Arabia Saudyjska kontynuowała naloty
W poniedziałek w kontrolowanej przez rebeliantów Huti północno-zachodniej części Jemenu odbyły się pogrzeby ofiar nalotu bombowego sprzed tygodnia. Przerodziły się one w antysunnickie i antyamerykańskie manifestacje, "podczas których przysięgano pomścić najnowszych męczenników za wiarę" - pisze agencja AFP.
Media związane z rebeliantami Huti utrzymują, że mimo potępienia ataku na autobus szkolny w Jemenie przez opinię międzynarodową, w tym - ONZ czy Departament Stanu USA, które domagają się przeprowadzenia bezstronnego, międzynarodowego śledztwa w tej sprawie, koalicja wojskowa pod przywództwem Arabii Saudyjskiej kontynuowała w niedzielę i poniedziałek naloty na cele w Jemenie.
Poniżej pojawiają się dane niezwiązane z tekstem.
(* Let $C\subset\mathbb R^3$ be a non-closed embedded curve of length $l>0$ with nowhere vanishing curvature and orientation-compatible arc-length parametrization $\mathbf c:[-l/2,l/2]\to\mathbb R^3$, and suppose $C$ does not lie in any plane. Let $F\in\mathcal D_*(C)$ be a normal form with $F(s,0)=\mathbf c(s)$. Then $F(\Omega_\epsilon)$ is congruent to $F_*(\Omega_\epsilon)$ for sufficiently small $\epsilon>0$ if and only if $C$ has a positive symmetry.
   Context: $-C$ is $C$ with the opposite orientation; $\kappa$ is the curvature of $\mathbf c$; $\Omega_\epsilon=[-l/2,l/2]\times(-\epsilon,\epsilon)$. "$F(\Omega_\epsilon)$ congruent to $G(\Omega_\epsilon)$ for sufficiently small $\epsilon$" means there exist an isometry $T$ of $\mathbb R^3$ and $\epsilon_0>0$ with $T(F(\Omega_\epsilon))=G(\Omega_\epsilon)$ for all $0<\epsilon<\epsilon_0$. A developable strip along $C$ is the germ of a $C^\infty$ embedding $f(u,v)=f(u,0)+v\,\xi_f(u)$ with $\mathbf c_f(u)=f(u,0)$ parametrizing $C$, $\xi_f$ unit, and zero Gaussian curvature; with the Frenet frame $(\mathbf e,\mathbf n,\mathbf b)$ of $\mathbf c_f$ write $\xi_f=\cos\beta_f\,\mathbf e+\sin\beta_f(\cos\alpha_f\,\mathbf n+\sin\alpha_f\,\mathbf b)$. $\mathcal D(C)$: strips with $\mathbf c_f$ inducing the orientation of $C$ and $0<|\cos\alpha_f|<1$, normalized by $0<|\alpha_f|<\pi/2$ (first angular function), $0<\beta_f<\pi$. Geodesic curvature $\mu_f=\kappa_f\cos\alpha_f$; admissible ($\in\mathcal D_*(C)$) if $\mu_f<\min\kappa_f$ everywhere. A normal form is such a strip $F(s,v)$ defined near $[-l/2,l/2]\times\{0\}$ with $s\mapsto F(s,0)$ an arc-length parametrization of $C$ (either orientation); it is determined by that parametrization and its first angular function. Inverse: $F_*\in\mathcal D_*(-C)$ is the normal form with $F_*(s,0)=\mathbf c(-s)$ whose first angular function (w.r.t. the Frenet frame of $s\mapsto\mathbf c(-s)$) has the same sign as $\alpha_F(s)$ and satisfies $\kappa(-s)\cos\alpha_{F_*}(s)=\kappa(s)\cos\alpha_F(s)$. A positive symmetry of $C$ is an orientation-preserving isometry $T\ne\mathrm{id}$ of $\mathbb R^3$ with $T(C)=C$. *)

theory Defs
  imports "HOL-Analysis.Analysis"
begin
lemma summation_by_parts_newton_weight:
  fixes u :: "'a::field_char_0"
  shows "(u + of_nat m) * (\<Sum>j<Suc N. d j * newton_weight u m j) =
    of_nat (Suc m) * (\<Sum>j<N. (d j - d (Suc j)) * newton_weight u (Suc m) j)
    + (u + of_nat (m + N)) * (d N * newton_weight u m N)"
proof (induction N)
  case 0
  show ?case using newton_weight_Suc_left[of m u 0] by (simp add: algebra_simps)
next
  case (Suc N)
  let ?W = "newton_weight u"
  have step: "of_nat (Suc m) * ((d N - d (Suc N)) * ?W (Suc m) N)
        + (u + of_nat (m + Suc N)) * (d (Suc N) * ?W m (Suc N))
      = (u + of_nat (m + N)) * (d N * ?W m N) + (u + of_nat m) * (d (Suc N) * ?W m (Suc N))"
  proof -
    have "of_nat (Suc m) * ((d N - d (Suc N)) * ?W (Suc m) N)
          + (u + of_nat (m + Suc N)) * (d (Suc N) * ?W m (Suc N))
        = (d N - d (Suc N)) * (of_nat (Suc m) * ?W (Suc m) N)
          + d (Suc N) * (of_nat (Suc N) * ?W m (Suc N)) + (u + of_nat m) * (d (Suc N) * ?W m (Suc N))"
      by (simp add: algebra_simps)
    also have "\<dots> = (d N - d (Suc N)) * ((u + of_nat (m + N)) * ?W m N)
          + d (Suc N) * ((u + of_nat (m + N)) * ?W m N) + (u + of_nat m) * (d (Suc N) * ?W m (Suc N))"
      unfolding newton_weight_Suc_left newton_weight_Suc_right ..
    finally show ?thesis by (simp add: algebra_simps)
  qed
  have "(u + of_nat m) * (\<Sum>j<Suc (Suc N). d j * ?W m j)
      = (u + of_nat m) * (\<Sum>j<Suc N. d j * ?W m j) + (u + of_nat m) * (d (Suc N) * ?W m (Suc N))"
    by (simp add: algebra_simps)
  also have "\<dots> = of_nat (Suc m) * (\<Sum>j<Suc N. (d j - d (Suc j)) * ?W (Suc m) j)
      + (u + of_nat (m + Suc N)) * (d (Suc N) * ?W m (Suc N))"
    unfolding Suc.IH using step by (simp add: algebra_simps)
  finally show ?case .
qed

lemma newton_expansion_step:
  fixes u :: "'a::{real_normed_field, field_char_0}"
  assumes sums: "(\<lambda>j. d j * newton_weight u m j) sums (newton_weight u m 0 * G)"
    and boundary: "(\<lambda>N. (u + of_nat (m + N)) * (d N * newton_weight u m N)) \<longlonglongrightarrow> 0"
  shows "(\<lambda>j. (d j - d (Suc j)) * newton_weight u (Suc m) j) sums (newton_weight u (Suc m) 0 * G)"
proof -
  let ?T = "\<lambda>j. d j * newton_weight u m j"
  let ?B = "\<lambda>N. (u + of_nat (m + N)) * (d N * newton_weight u m N)"
  have partial: "(\<Sum>j<N. (d j - d (Suc j)) * newton_weight u (Suc m) j)
      = ((u + of_nat m) * (\<Sum>j<Suc N. ?T j) - ?B N) / of_nat (Suc m)" for N
    using summation_by_parts_newton_weight[of u m d N]
    by (simp add: eq_divide_eq algebra_simps del: of_nat_Suc)
  have lim: "(\<lambda>N. \<Sum>j<Suc N. ?T j) \<longlonglongrightarrow> newton_weight u m 0 * G"
    using sums unfolding sums_def by (rule LIMSEQ_Suc)
  have "(\<lambda>N. ((u + of_nat m) * (\<Sum>j<Suc N. ?T j) - ?B N) / of_nat (Suc m))
      \<longlonglongrightarrow> ((u + of_nat m) * (newton_weight u m 0 * G) - 0) / of_nat (Suc m)"
    by (intro tendsto_intros lim boundary) (simp del: of_nat_Suc)
  also have "((u + of_nat m) * (newton_weight u m 0 * G) - 0) / of_nat (Suc m) = newton_weight u (Suc m) 0 * G"
    using newton_weight_Suc_left[of m u 0] by (simp add: field_simps del: of_nat_Suc)
  finally show ?thesis
    unfolding sums_def partial .
qed

lemma summable_nonneg_imp_weighted_limit_eq_0:
  fixes T :: "nat \<Rightarrow> real" and c :: real
  assumes summable: "summable T" and T_nonneg: "\<And>N. T N \<ge> 0" and c: "c \<ge> 0"
    and lim: "(\<lambda>N. (c + real N) * T N) \<longlonglongrightarrow> L"
  shows "L = 0"
proof (rule ccontr)
  assume "L \<noteq> 0"
  moreover have "L \<ge> 0"
    using lim T_nonneg c by (intro LIMSEQ_le_const) auto
  ultimately have L: "L > 0" by simp
  \<comment> \<open>then \<open>T N \<ge> L / (2 (c + N))\<close> eventually, which is not summable\<close>
  have "eventually (\<lambda>N. (c + real N) * T N > L / 2) sequentially"
    using lim L by (intro order_tendstoD(1)) auto
  then have lower: "eventually (\<lambda>N. norm (1 / (c + real N)) \<le> 2 / L * norm (T N)) sequentially"
    using eventually_gt_at_top[of 0]
  proof eventually_elim
    case (elim N)
    then have pos: "c + real N > 0" using c by simp
    with elim L have "1 / (c + real N) \<le> 2 / L * T N"
      by (simp add: field_simps)
    with pos T_nonneg[of N] show ?case by simp
  qed
  have "(\<lambda>N. 1 / (c + real N)) \<in> O(T)"
    using landau_o.bigI[of "2 / L", OF _ lower] L by simp
  moreover have "(\<lambda>N. real N powr -1) \<in> O(\<lambda>N. 1 / (c + real N))"
    using c by real_asymp
  ultimately have "(\<lambda>N. real N powr -1) \<in> O(T)"
    by (rule landau_o.big_trans[rotated])
  moreover have "summable (\<lambda>N. norm (T N))"
    using summable T_nonneg by (simp add: abs_of_nonneg)
  ultimately have "summable (\<lambda>N. real N powr -1)"
    by (elim summable_comparison_test_bigo[rotated])
  then show False by (subst (asm) summable_real_powr_iff) simp
qed
lemma koszul_simps[simp]:
  "koszul (x1 + x2) y w = koszul x1 y w + koszul x2 y w"
  "koszul (c *\<^sub>R x) y w = c * koszul x y w"
  "koszul x (y1 + y2) w = koszul x y1 w + koszul x y2 w"
  "koszul x (c *\<^sub>R y) w = c * koszul x y w"
  "koszul x y (w1 + w2) = koszul x y w1 + koszul x y w2"
  "koszul x y (c *\<^sub>R w) = c * koszul x y w"
  by (simp_all add: koszul_def algebra_simps)

lemma linear_koszul: "linear (\<lambda>w. koszul x y w / 2)"
  by (rule linearI) (simp_all add: add_divide_distrib)

lemma lc_koszul: "2 * g (lc x y) w = koszul x y w"
proof -
  let ?\<phi> = "\<lambda>w. koszul x y w / 2"
  have rg: "g (riesz ?\<phi>) w = koszul x y w / 2" for w using g_riesz[OF linear_koszul] by simp
  have "lc x y = riesz ?\<phi>"
    unfolding levi_civita_def koszul_def[symmetric]
  proof (rule the_equality)
    show "\<forall>w. 2 * g (riesz ?\<phi>) w = koszul x y w" by (simp add: rg)
    fix v assume "\<forall>w. 2 * g v w = koszul x y w"
    then have "g v w = g (riesz ?\<phi>) w" for w using rg[of w]
      by (metis nonzero_mult_div_cancel_left zero_neq_numeral)
    then show "v = riesz ?\<phi>" by (rule g_eqI)
  qed
  then show ?thesis by (simp add: rg)
qed

lemma g_lc: "g (lc x y) w = koszul x y w / 2"
  using lc_koszul[of x y w] by simp

lemma lc_eqI: "(\<And>w. 2 * g v w = koszul x y w) \<Longrightarrow> lc x y = v"
proof -
  assume h: "\<And>w. 2 * g v w = koszul x y w"
  show ?thesis
  proof (rule g_eqI)
    fix w show "g (lc x y) w = g v w" using h[of w] g_lc[of x y w] by simp
  qed
qed
(* Every bounded continuous valuation $\nu$ on Johnstone's dcpo $\mathcal J$ (with the Scott topology) is point-continuous. Moreover, there exist a discrete valuation $\theta$ on $\mathcal J$ and a nonnegative real number $r$ such that $\nu=\theta+r\mu$, where $\mu(U)=1$ for every non-empty Scott-open $U\subseteq\mathcal J$ and $\mu(\emptyset)=0$.
   Context: Johnstone's dcpo: $\mathcal J=\mathbb N\times(\mathbb N\cup\{\infty\})$ ordered by $(a,b)\le(c,d)$ iff either ($a=c$ and $b\le d$) or ($d=\infty$ and $b\le c$). A valuation on a space $X$ is a map $\nu:\mathcal OX\to[0,\infty]$ with $\nu(\emptyset)=0$, monotone and modular ($\nu(U)+\nu(V)=\nu(U\cup V)+\nu(U\cap V)$); continuous if it preserves directed suprema of open sets; bounded if $\nu(X)<\infty$. $\delta_x$ is the Dirac valuation at $x$. A discrete valuation is one of the form $\sum_{i=1}^\infty r_i\delta_{x_i}=\sup_n\sum_{i=1}^n r_i\delta_{x_i}$ with $r_i\in[0,\infty)$. A valuation $\nu$ is point-continuous if for every open $U$ and every real $r$ with $0\le r<\nu(U)$ there is a finite subset $A\subseteq U$ such that $\nu(V)>r$ for every open $V\supseteq A$. *)

theory Defs
  imports "HOL-Analysis.Analysis" "HOL-Library.Extended_Nat" "HOL-Library.Extended_Nonnegative_Real"
begin

type_synonym jpt = "nat \<times> enat"

definition jle :: "jpt \<Rightarrow> jpt \<Rightarrow> bool" where
  "jle p q \<longleftrightarrow> (case p of (a, b) \<Rightarrow> case q of (c, d) \<Rightarrow>
      (a = c \<and> b \<le> d) \<or> (d = \<infinity> \<and> b \<le> enat c))"

definition j_directed :: "jpt set \<Rightarrow> bool" where
  "j_directed D \<longleftrightarrow> D \<noteq> {} \<and> (\<forall>x\<in>D. \<forall>y\<in>D. \<exists>z\<in>D. jle x z \<and> jle y z)"

definition j_is_lub :: "jpt set \<Rightarrow> jpt \<Rightarrow> bool" where
  "j_is_lub D s \<longleftrightarrow> (\<forall>x\<in>D. jle x s) \<and> (\<forall>u. (\<forall>x\<in>D. jle x u) \<longrightarrow> jle s u)"

definition scott_open :: "jpt set \<Rightarrow> bool" where
  "scott_open U \<longleftrightarrow> (\<forall>x y. x \<in> U \<and> jle x y \<longrightarrow> y \<in> U) \<and>
     (\<forall>D s. j_directed D \<and> j_is_lub D s \<and> s \<in> U \<longrightarrow> D \<inter> U \<noteq> {})"
lemma totally_bounded_in_interior_cover:
  assumes "compatible_uniformity X \<U>" "totally_bounded_in \<U> A" "P \<in> \<U>"
  shows "\<exists>F. finite F \<and> F \<subseteq> A \<and> A \<subseteq> (\<Union>x\<in>F. X interior_of (P `` {x}))"
proof -
  have un: "uniformity_on (topspace X) \<U>"
    using assms(1) by (rule compatible_uniformity_uniformity_on)
  obtain W where W: "W \<in> \<U>" "W O W \<subseteq> P"
    using uniformity_on_half[OF un assms(3)] by blast
  have "\<exists>F. finite F \<and> F \<subseteq> A \<and> A \<subseteq> (\<Union>x\<in>F. W `` {x})"
    using assms(2) W(1) unfolding totally_bounded_in_def by (rule bspec)
  then obtain F where F: "finite F" "F \<subseteq> A" "A \<subseteq> (\<Union>x\<in>F. W `` {x})"
    by blast
  have "W `` {x} \<subseteq> X interior_of (P `` {x})" for x
  proof
    fix a assume a: "a \<in> W `` {x}"
    then have "W `` {a} \<subseteq> P `` {x}"
      using W(2) by blast
    moreover have "a \<in> topspace X"
      using a uniformity_on_subset[OF un W(1)] by blast
    ultimately show "a \<in> X interior_of (P `` {x})"
      using W(1) compatible_uniformity_interior_of[OF assms(1)] by blast
  qed
  note interior = this
  have "A \<subseteq> (\<Union>x\<in>F. X interior_of (P `` {x}))"
  proof
    fix a assume "a \<in> A"
    then obtain x where "x \<in> F" "a \<in> W `` {x}"
      using F(3) by blast
    then show "a \<in> (\<Union>x\<in>F. X interior_of (P `` {x}))"
      using interior by blast
  qed
  with F(1,2) show ?thesis
    by (intro exI[of _ F] conjI)
qed

lemma base_of_top_subtopology_interiors:
  assumes compat: "compatible_uniformity X \<U>"
    and refines: "\<forall>V\<in>\<U>. \<exists>P\<in>\<B>. P \<inter> (A \<times> A) \<subseteq> V"
    and nets: "\<forall>P\<in>\<B>. F P \<subseteq> A \<and> A \<subseteq> (\<Union>x\<in>F P. X interior_of (P `` {x}))"
  shows "base_of_top (subtopology X A)
           ((\<lambda>(P, x). A \<inter> X interior_of (P `` {x})) ` Sigma \<B> F)"
  unfolding base_of_top_def
proof (intro conjI ballI allI impI)
  fix G assume "G \<in> (\<lambda>(P, x). A \<inter> X interior_of (P `` {x})) ` Sigma \<B> F"
  then show "openin (subtopology X A) G"
    by (auto intro: openin_subtopology_Int2)
next
  have un: "uniformity_on (topspace X) \<U>"
    using compat by (rule compatible_uniformity_uniformity_on)
  fix G a assume "openin (subtopology X A) G \<and> a \<in> G"
  then obtain T where T: "openin X T" "G = T \<inter> A" and a: "a \<in> T" "a \<in> A"
    by (auto simp: openin_subtopology)
  obtain V where V: "V \<in> \<U>" "V `` {a} \<subseteq> T"
    using compatible_uniformity_openin[OF compat] T(1) a(1) by blast
  obtain W where W: "W \<in> \<U>" "W\<inverse> = W" "W O W \<subseteq> V"
    using uniformity_on_symmetric_half[OF un V(1)] by blast
  obtain P where P: "P \<in> \<B>" "P \<inter> (A \<times> A) \<subseteq> W"
    using refines W(1) by blast
  obtain x where x: "x \<in> F P" "a \<in> X interior_of (P `` {x})"
    using nets P(1) a(2) by blast
  have "x \<in> A"
    using nets P(1) x(1) by blast
  have "(x, a) \<in> P"
    using subsetD[OF interior_of_subset x(2)] by simp
  then have "(x, a) \<in> W"
    using \<open>x \<in> A\<close> a(2) P(2) by blast
  then have "(a, x) \<in> W"
    using W(2) by blast
  have "A \<inter> X interior_of (P `` {x}) \<subseteq> G"
  proof
    fix y assume y: "y \<in> A \<inter> X interior_of (P `` {x})"
    then have "(x, y) \<in> P"
      using subsetD[OF interior_of_subset] by fastforce
    then have "(x, y) \<in> W"
      using y \<open>x \<in> A\<close> P(2) by blast
    with \<open>(a, x) \<in> W\<close> have "(a, y) \<in> V"
      using W(3) by blast
    with y show "y \<in> G"
      using V(2) T(2) by blast
  qed
  with x P(1) a show "\<exists>B\<in>(\<lambda>(P, x). A \<inter> X interior_of (P `` {x})) ` Sigma \<B> F. a \<in> B \<and> B \<subseteq> G"
    by blast
qed

definition cube_independent_on :: "'a set \<Rightarrow> ('a \<times> 'a) set \<Rightarrow> ('a \<times> 'a) set \<Rightarrow> bool" where
  "cube_independent_on A P Q \<longleftrightarrow>
     \<not> (P \<inter> (A \<times> A) \<subseteq> Q O Q O Q \<and> Q \<inter> (A \<times> A) \<subseteq> P O P O P)"

lemma cube_independent_on_commute: "cube_independent_on A P Q \<longleftrightarrow> cube_independent_on A Q P"
  unfolding cube_independent_on_def by (simp add: conj_commute)

definition net_pattern :: "'a set \<Rightarrow> ('a \<times> 'a) set \<Rightarrow> 'a set \<Rightarrow> ('a \<times> 'a) set \<Rightarrow> ('a \<times> 'a) set" where
  "net_pattern F W A P =
     {(x, y) \<in> F \<times> F. \<exists>a\<in>A. \<exists>b\<in>A. (x, a) \<in> W \<and> (y, b) \<in> W \<and> (a, b) \<in> P}"

lemma net_pattern_subset_imp_subset_cube:
  assumes "W\<inverse> = W" "W O W \<subseteq> Q" "A \<subseteq> (\<Union>x\<in>F. W `` {x})"
    and "net_pattern F W A P \<subseteq> net_pattern F W A Q"
  shows "P \<inter> (A \<times> A) \<subseteq> Q O Q O Q"
proof safe
  fix a b assume ab: "(a, b) \<in> P" "a \<in> A" "b \<in> A"
  obtain x y where "x \<in> F" "(x, a) \<in> W" "y \<in> F" "(y, b) \<in> W"
    using assms(3) ab(2,3) by blast
  with ab have "(x, y) \<in> net_pattern F W A Q"
    using assms(4) unfolding net_pattern_def by blast
  then obtain a' b' where "(x, a') \<in> W" "(y, b') \<in> W" "(a', b') \<in> Q"
    unfolding net_pattern_def by blast
  have "(a, a') \<in> Q"
    using \<open>(x, a) \<in> W\<close> \<open>(x, a') \<in> W\<close> assms(1,2) by blast
  moreover have "(b', b) \<in> Q"
    using \<open>(y, b) \<in> W\<close> \<open>(y, b') \<in> W\<close> assms(1,2) by blast
  ultimately show "(a, b) \<in> Q O Q O Q"
    using \<open>(a', b') \<in> Q\<close> by blast
qed

lemma infinite_bounded_family_not_pairwise_independent:
  assumes un: "uniformity_on S \<U>" and tb: "totally_bounded_in \<U> A"
    and "V \<in> \<U>" "infinite \<T>" "\<forall>P\<in>\<T>. V \<subseteq> P"
  shows "\<not> pairwise (cube_independent_on A) \<T>"
proof -
  obtain W where W: "W \<in> \<U>" "W\<inverse> = W" "W O W \<subseteq> V"
    using uniformity_on_symmetric_half[OF un \<open>V \<in> \<U>\<close>] by blast
  obtain F where F: "finite F" "A \<subseteq> (\<Union>x\<in>F. W `` {x})"
    using tb W(1) unfolding totally_bounded_in_def by blast
  have "net_pattern F W A ` \<T> \<subseteq> Pow (F \<times> F)"
    unfolding net_pattern_def by blast
  then have "finite (net_pattern F W A ` \<T>)"
    using F(1) by (simp add: finite_subset)
  then have "\<not> inj_on (net_pattern F W A) \<T>"
    using \<open>infinite \<T>\<close> finite_imageD by blast
  then obtain P Q where PQ: "P \<in> \<T>" "Q \<in> \<T>" "P \<noteq> Q"
      "net_pattern F W A P = net_pattern F W A Q"
    unfolding inj_on_def by blast
  have "W O W \<subseteq> P" "W O W \<subseteq> Q"
    using PQ(1,2) W(3) assms(5) by blast+
  then have "\<not> cube_independent_on A P Q"
    unfolding cube_independent_on_def
    using net_pattern_subset_imp_subset_cube[OF W(2) _ F(2)] PQ(4) by blast
  with PQ(1-3) show ?thesis
    unfolding pairwise_def by blast
qed

lemma pairwise_maximal_exists:
  obtains M where "M \<subseteq> A" "pairwise R M" "\<And>x. x \<in> A - M \<Longrightarrow> \<not> pairwise R (insert x M)"
proof -
  let ?\<P> = "{M. M \<subseteq> A \<and> pairwise R M}"
  have "\<forall>C\<in>chains ?\<P>. \<Union>C \<in> ?\<P>"
    unfolding chains_def by (auto intro: pairwise_chain_Union)
  then obtain M where M: "M \<in> ?\<P>" and max: "\<forall>N\<in>?\<P>. M \<subseteq> N \<longrightarrow> N = M"
    by (rule Zorn_Lemma[THEN bexE])
  have "\<not> pairwise R (insert x M)" if "x \<in> A - M" for x
  proof
    assume "pairwise R (insert x M)"
    then have "insert x M \<in> ?\<P>"
      using M that by blast
    with max have "insert x M = M"
      by blast
    with that show False
      by blast
  qed
  with M that show ?thesis
    by blast
qed

lemma card_of_subset_cardSuc:
  assumes "\<not> |M| \<le>o |K|"
  shows "\<exists>S\<subseteq>M. |S| =o cardSuc |K|"
proof -
  have field: "|Field (cardSuc |K| )| =o cardSuc |K|"
    by (simp add: card_of_Field_ordIso cardSuc_Card_order card_of_Card_order)
  have "|K| <o |M|"
    using assms by (simp add: not_ordLeq_iff_ordLess card_of_Well_order)
  then have "cardSuc |K| \<le>o |M|"
    by (simp add: cardSuc_ordLess_ordLeq card_of_Card_order)
  then obtain S where "S \<subseteq> M" "|Field (cardSuc |K| )| =o |S|"
    using internalize_card_of_ordLeq2[THEN iffD1, OF ordIso_ordLeq_trans[OF field]] by blast
  then show ?thesis
    using ordIso_transitive[OF ordIso_symmetric field] by blast
qed

lemma calibre_succ_omegaD:
  assumes "calibre_succ_omega \<U> K" "S \<subseteq> \<U>" "|S| =o cardSuc |K|"
  obtains \<T> V where "\<T> \<subseteq> S" "infinite \<T>" "V \<in> \<U>" "\<forall>W\<in>\<T>. V \<subseteq> W"
proof -
  have "\<exists>\<T>\<subseteq>S. infinite \<T> \<and> countable \<T> \<and> (\<exists>V\<in>\<U>. \<forall>W\<in>\<T>. V \<subseteq> W)"
    using assms(1)[unfolded calibre_succ_omega_def, rule_format, OF assms(2,3)] .
  with that show ?thesis
    by blast
qed

lemma pairwise_cube_independent_card_le:
  assumes un: "uniformity_on S \<U>" and tb: "totally_bounded_in \<U> A"
    and cal: "calibre_succ_omega \<U> K"
    and "M \<subseteq> \<U>" "pairwise (cube_independent_on A) M"
  shows "|M| \<le>o |K|"
proof (rule ccontr)
  assume "\<not> |M| \<le>o |K|"
  then obtain S where "S \<subseteq> M" "|S| =o cardSuc |K|"
    using card_of_subset_cardSuc by blast
  moreover have "S \<subseteq> \<U>"
    using \<open>S \<subseteq> M\<close> \<open>M \<subseteq> \<U>\<close> by (rule subset_trans)
  ultimately obtain \<T> V where "\<T> \<subseteq> M" "infinite \<T>" "V \<in> \<U>" "\<forall>P\<in>\<T>. V \<subseteq> P"
    using calibre_succ_omegaD[OF cal] by (metis subset_trans)
  moreover have "pairwise (cube_independent_on A) \<T>"
    using \<open>\<T> \<subseteq> M\<close> assms(5) pairwise_subset by blast
  ultimately show False
    using infinite_bounded_family_not_pairwise_independent[OF un tb] by blast
qed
Rijad nie neguje faktu, że doszło do zbombardowania autobusu szkolnego. Bezpośrednio po ataku koalicja potwierdziła, że dokonywała w czwartek ostrzału z powietrza w muhafazie Sady w północno-zachodnim Jemenie.
Atak ten był odpowiedzią na akcję rebeliantów Huti, którzy w przeddzień wystrzelili pocisk przeciwlotniczy na miasto Dżizan na południowym zachodzie Arabii Saudyjskiej. W ataku tym zginęła jedna osoba cywilna, a 11 zostało rannych.
"Operacja w pełni uprawniona"
Od listopada 2017 roku Huti wystrzeliwują pociski balistyczne w kierunku sąsiedniej Arabii Saudyjskiej, przy czym większość z nich jest przechwytywana przez saudyjską obronę przeciwlotniczą, ale atakują też cele w południowej części Jemenu, która zamieszkiwana jest przez ludność sunnicką i jest kontrolowana przez al-Hadiego.
Operacja ta była w pełni uprawniona i uzasadniona militarnie - ocenił w ubiegłym tygodniu rzecznik koalicji, Turki al-Maliki. Zaznaczył on, że według informacji wywiadowczych dostępnych Saudyjczykom w zbombardowanym autokarze nie znajdowały się dzieci, ale bojowcy ruchu Huti. Rzecznik oskarżył przy tej okazji ruch Huti o angażowanie do działań wojskowych nieletnich.
Muhafaza Sady, w której doszło do ataku, znajduje się pod kontrolą rebeliantów Huti nie uznających władzy obecnego prezydenta Jemenu Abda ar-Rab Mansura al-Hadiego, któremu podlega tylko południowa część kraju. Rebelianci kontrolują Sanę oraz rozległe terytoria na północy i zachodzie kraju.
Wojna pochłonęła prawie 10 tys. ofiar
Jemen pogrążony jest w chaosie od 2011 roku, gdy społeczna rewolta położyła kres wieloletnim dyktatorskim rządom prezydenta Alego Abd Allaha Salaha. Konflikt nasilił się, gdy w marcu 2015 roku interwencję w Jemenie rozpoczęła Arabia Saudyjska.
Międzynarodowa koalicja (Bahrajn, Bangladesz, Egipt, Jordania, Katar, Kuwejt, Maroko, Senegal, Sudan i Zjednoczone Emiraty Arabskie) od trzech lat walczy w Jemenie z rebeliantami Huti, wspieranymi przez Iran.
Według ONZ wojna w Jemenie pochłonęła od 2015 r. prawie 10 tys. ofiar i wywołała "największy kryzys humanitarny na świecie".